Сартори вытер слезы.
— Я был рожден для того, чтобы стать дьяволом, брат, — сказал он. — И пусть катятся в ад твои небеса. Теперь ты понимаешь? Любой мой план, любой честолюбивый замысел — это насмешка над самим собой, потому что половина моего я, которую я взял от тебя, стремится к любви, славе и великим делам, а та половина, которая досталась мне от нашего Отца, знает, что все это — дерьмо, и сводит мои усилия на нет. Я уничтожаю самого себя, брат. Мой удел — разрушение, и мне не уйти от него до конца света.
После долгих улещиваний спасители Целестины наконец-то убедили ее покинуть лабиринт и подняться в вестибюль. Хотя, когда вошел Клем, она едва могла пошевелить пальцем от слабости, в ответ на его утешения и уговоры она решительно заявила, чтобы ее оставили в покое; она предпочтет остаться в подвале и встретить здесь смерть. Опыт работы с бездомными позволил Клему одолеть ее сопротивление. Он не спорил с ней, но и не уходил. Стоя на пороге, он говорил ей, что, наверное, она действительно права — нет никакого смысла портить себе глаза зрелищем палящего солнца. Через некоторое время она огрызнулась на эту фразу и заявила, что вовсе так не считает, а если б у него была хоть капелька благородства, он постарался бы хоть немного утешить ее в ее страданиях. Неужели он хочет сдохнуть, как животное, — в неволе и в темноте? Он признал свою ужасную ошибку и сказал, что если она хочет выбраться отсюда в окружающий мир, он сделает все, чтобы ей помочь.

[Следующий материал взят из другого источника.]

lemma factorization_exponents_C6_10_6:
  "factorization_exponents_C6 10 6 = {(1, 1, 0, 1, 0), (1, 0, 4, 0, 1), (0, 0, 6, 1, 0)}"
  (is "_ = ?solutions")
proof (intro equalityI subsetI)
  fix c assume "c \<in> factorization_exponents_C6 10 6"
  then obtain c1 c2 c3 c4 c5 where c: "c = (c1, c2, c3, c4, c5)"
    and eqs: "6*c1 + c3 + 4*c4 = 10" "6*c2 + c3 + 2*c5 = 6" "c4 + c5 = 1"
    unfolding factorization_exponents_C6_def by blast
  have "c1 \<le> 1" "c4 \<le> 1" using eqs by linarith+
  then have "c1 = 0 \<or> c1 = 1" "c4 = 0 \<or> c4 = 1" by auto
  then show "c \<in> ?solutions"
    using eqs unfolding c by (elim disjE) auto
qed (auto simp: factorization_exponents_C6_def)

lemma factorization_exponents_C6_12_8:
  "factorization_exponents_C6 12 8 = {(2, 1, 0, 0, 1), (1, 1, 2, 1, 0), (1, 0, 6, 0, 1), (0, 0, 8, 1, 0)}"
  (is "_ = ?solutions")
proof (intro equalityI subsetI)
  fix c assume "c \<in> factorization_exponents_C6 12 8"
  then obtain c1 c2 c3 c4 c5 where c: "c = (c1, c2, c3, c4, c5)"
    and eqs: "6*c1 + c3 + 4*c4 = 12" "6*c2 + c3 + 2*c5 = 8" "c4 + c5 = 1"
    unfolding factorization_exponents_C6_def by blast
  have "c1 \<le> 2" "c4 \<le> 1" using eqs by linarith+
  then have "c1 = 0 \<or> c1 = 1 \<or> c1 = 2" "c4 = 0 \<or> c4 = 1" by auto
  then show "c \<in> ?solutions"
    using eqs unfolding c by (elim disjE) auto
qed (auto simp: factorization_exponents_C6_def)

lemma factorization_exponents_C6_10_12:
  "factorization_exponents_C6 10 12 = {(1, 2, 0, 1, 0), (1, 1, 4, 0, 1), (0, 1, 6, 1, 0), (0, 0, 10, 0, 1)}"
  (is "_ = ?solutions")
proof (intro equalityI subsetI)
  fix c assume "c \<in> factorization_exponents_C6 10 12"
  then obtain c1 c2 c3 c4 c5 where c: "c = (c1, c2, c3, c4, c5)"
    and eqs: "6*c1 + c3 + 4*c4 = 10" "6*c2 + c3 + 2*c5 = 12" "c4 + c5 = 1"
    unfolding factorization_exponents_C6_def by blast
  have "c1 \<le> 1" "c4 \<le> 1" using eqs by linarith+
  then have "c1 = 0 \<or> c1 = 1" "c4 = 0 \<or> c4 = 1" by auto
  then show "c \<in> ?solutions"
    using eqs unfolding c by (elim disjE) auto
qed (auto simp: factorization_exponents_C6_def)

lemma factorization_exponents_C6_16_12:
  "factorization_exponents_C6 16 12 =
    {(2, 2, 0, 1, 0), (2, 1, 4, 0, 1), (1, 1, 6, 1, 0), (1, 0, 10, 0, 1), (0, 0, 12, 1, 0)}"
  (is "_ = ?solutions")
proof (intro equalityI subsetI)
  fix c assume "c \<in> factorization_exponents_C6 16 12"
  then obtain c1 c2 c3 c4 c5 where c: "c = (c1, c2, c3, c4, c5)"
    and eqs: "6*c1 + c3 + 4*c4 = 16" "6*c2 + c3 + 2*c5 = 12" "c4 + c5 = 1"
    unfolding factorization_exponents_C6_def by blast
  have "c1 \<le> 2" "c4 \<le> 1" using eqs by linarith+
  then have "c1 = 0 \<or> c1 = 1 \<or> c1 = 2" "c4 = 0 \<or> c4 = 1" by auto
  then show "c \<in> ?solutions"
    using eqs unfolding c by (elim disjE) auto
qed (auto simp: factorization_exponents_C6_def)

section \<open>The elementary abelian 2-group of rank 5\<close>

lemma UNIV_5: "(UNIV :: 5 set) = {0, 1, 2, 3, 4}"
proof -
  have "card {0, 1, 2, 3, 4 :: 5} = CARD(5)" by simp
  then show ?thesis by (intro card_subset_eq[symmetric]) auto
qed

lemma add_self_fun_2: "(x :: 'a \<Rightarrow> 2) + x = 0"
proof
  fix j
  have "(2::2) = 0" by simp
  then show "(x + x) j = 0 j" by (metis mult_2 mult_zero_left plus_fun_apply zero_fun_apply)
qed

text \<open>Elements of C2^5 are functions \<open>5 \<Rightarrow> 2\<close>: \<open>indicator {i}\<close> is a basis vector,
  \<open>1\<close> is the sum e0 of the basis and \<open>indicator {0, 1}\<close> is h = e1 + e2.\<close>

abbreviation support_C2_5 :: "(5 \<Rightarrow> 2) list" where
  "support_C2_5 \<equiv>
    [indicator {0}, indicator {1}, indicator {2}, indicator {3}, indicator {4}, 1, indicator {0, 1}]"

abbreviation seq_C2_5 ::
    "nat \<Rightarrow> nat \<Rightarrow> nat \<Rightarrow> nat \<Rightarrow> nat \<Rightarrow> nat \<Rightarrow> nat \<Rightarrow> (5 \<Rightarrow> 2) multiset" where
  "seq_C2_5 a b c d e f g \<equiv> of_counts support_C2_5 [a, b, c, d, e, f, g]"

lemma distinct_support_C2_5: "distinct support_C2_5"
  by (rule distinct_map[where f = "\<lambda>v. [v 0, v 1, v 2, v 3, v 4]", THEN iffD1, THEN conjunct1])
    simp

lemma zero_sum_seq_C2_5:
  "zero_sum (seq_C2_5 a b c d e f g) \<longleftrightarrow>
    even (a + f + g) \<and> even (b + f + g) \<and> even (c + f) \<and> even (d + f) \<and> even (e + f)"
proof -
  let ?s = "sum_mset (seq_C2_5 a b c d e f g)"
  have coordinates: "?s 0 = of_nat (a + f + g)" "?s 1 = of_nat (b + f + g)"
    "?s 2 = of_nat (c + f)" "?s 3 = of_nat (d + f)" "?s 4 = of_nat (e + f)"
    by simp_all
  have "?s = 0 \<longleftrightarrow> (\<forall>j \<in> {0, 1, 2, 3, 4}. ?s j = 0)"
    unfolding UNIV_5[symmetric] by (simp add: fun_eq_iff del: of_counts.simps)
  moreover have "(of_nat n :: 2) = 0 \<longleftrightarrow> even n" for n by (simp add: of_nat_eq_0_iff_char_dvd)
  ultimately show ?thesis unfolding zero_sum_def by (simp only: ball_simps coordinates simp_thms)
qed

abbreviation squarefree_atom_counts_C2_5 :: "(nat \<times> nat \<times> nat \<times> nat \<times> nat \<times> nat \<times> nat) set" where
  "squarefree_atom_counts_C2_5 \<equiv> {(1, 1, 1, 1, 1, 1, 0), (1, 1, 0, 0, 0, 0, 1), (0, 0, 1, 1, 1, 1, 1)}"

lemma squarefree_zero_sum_seq_C2_5:
  assumes "a \<le> 1" "b \<le> 1" "c \<le> 1" "d \<le> 1" "e \<le> 1" "f \<le> 1" "g \<le> 1"
    and "0 < a + b + c + d + e + f + g" "zero_sum (seq_C2_5 a b c d e f g)"
  shows "(a, b, c, d, e, f, g) \<in> squarefree_atom_counts_C2_5"
proof -
  have "a = 0 \<or> a = 1" "b = 0 \<or> b = 1" "c = 0 \<or> c = 1" "d = 0 \<or> d = 1" "e = 0 \<or> e = 1"
    "f = 0 \<or> f = 1" "g = 0 \<or> g = 1"
    using assms(1-7) by linarith+
  then show ?thesis using assms(8,9) unfolding zero_sum_seq_C2_5 by (elim disjE) simp_all
qed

Успешно завершив эту тактическую операцию, он послал Понедельника подогнать машину Юдит к самому подъезду и принялся за трудное дело извлечения Целестины на свет Божий. Деликатный момент возник при выходе из камеры, когда женщина, заметив Юдит, отказалась было от намерения покидать это место и заявила, что не желает иметь дело с этой сквернавкой. Юдит ничего не ответила, а Клем — сама тактичность — послал ее в машину за пледами. Путешествие к лестнице продвигалось медленно, и несколько раз она просила остановиться, яростно цепляясь за него и заявляя, что дрожит не от страха, а из-за того, что ее тело не привыкло к такой свободе, и что если кто-нибудь, а в особенности эта сквернавка, позволит себе отпустить какое-нибудь замечание по поводу этой дрожи, то он должен будет заставить ее замолчать.
Вот так, то держась за Клема, то, мгновение спустя, требуя, чтобы он никогда впредь не прикасался к ней, иногда совсем слабея, а в следующий миг поднимаясь со сверхъестественной энергией в мышцах, пленница Роксборо покинула свою тюрьму после двухсотлетнего заточения и вышла навстречу дневному свету.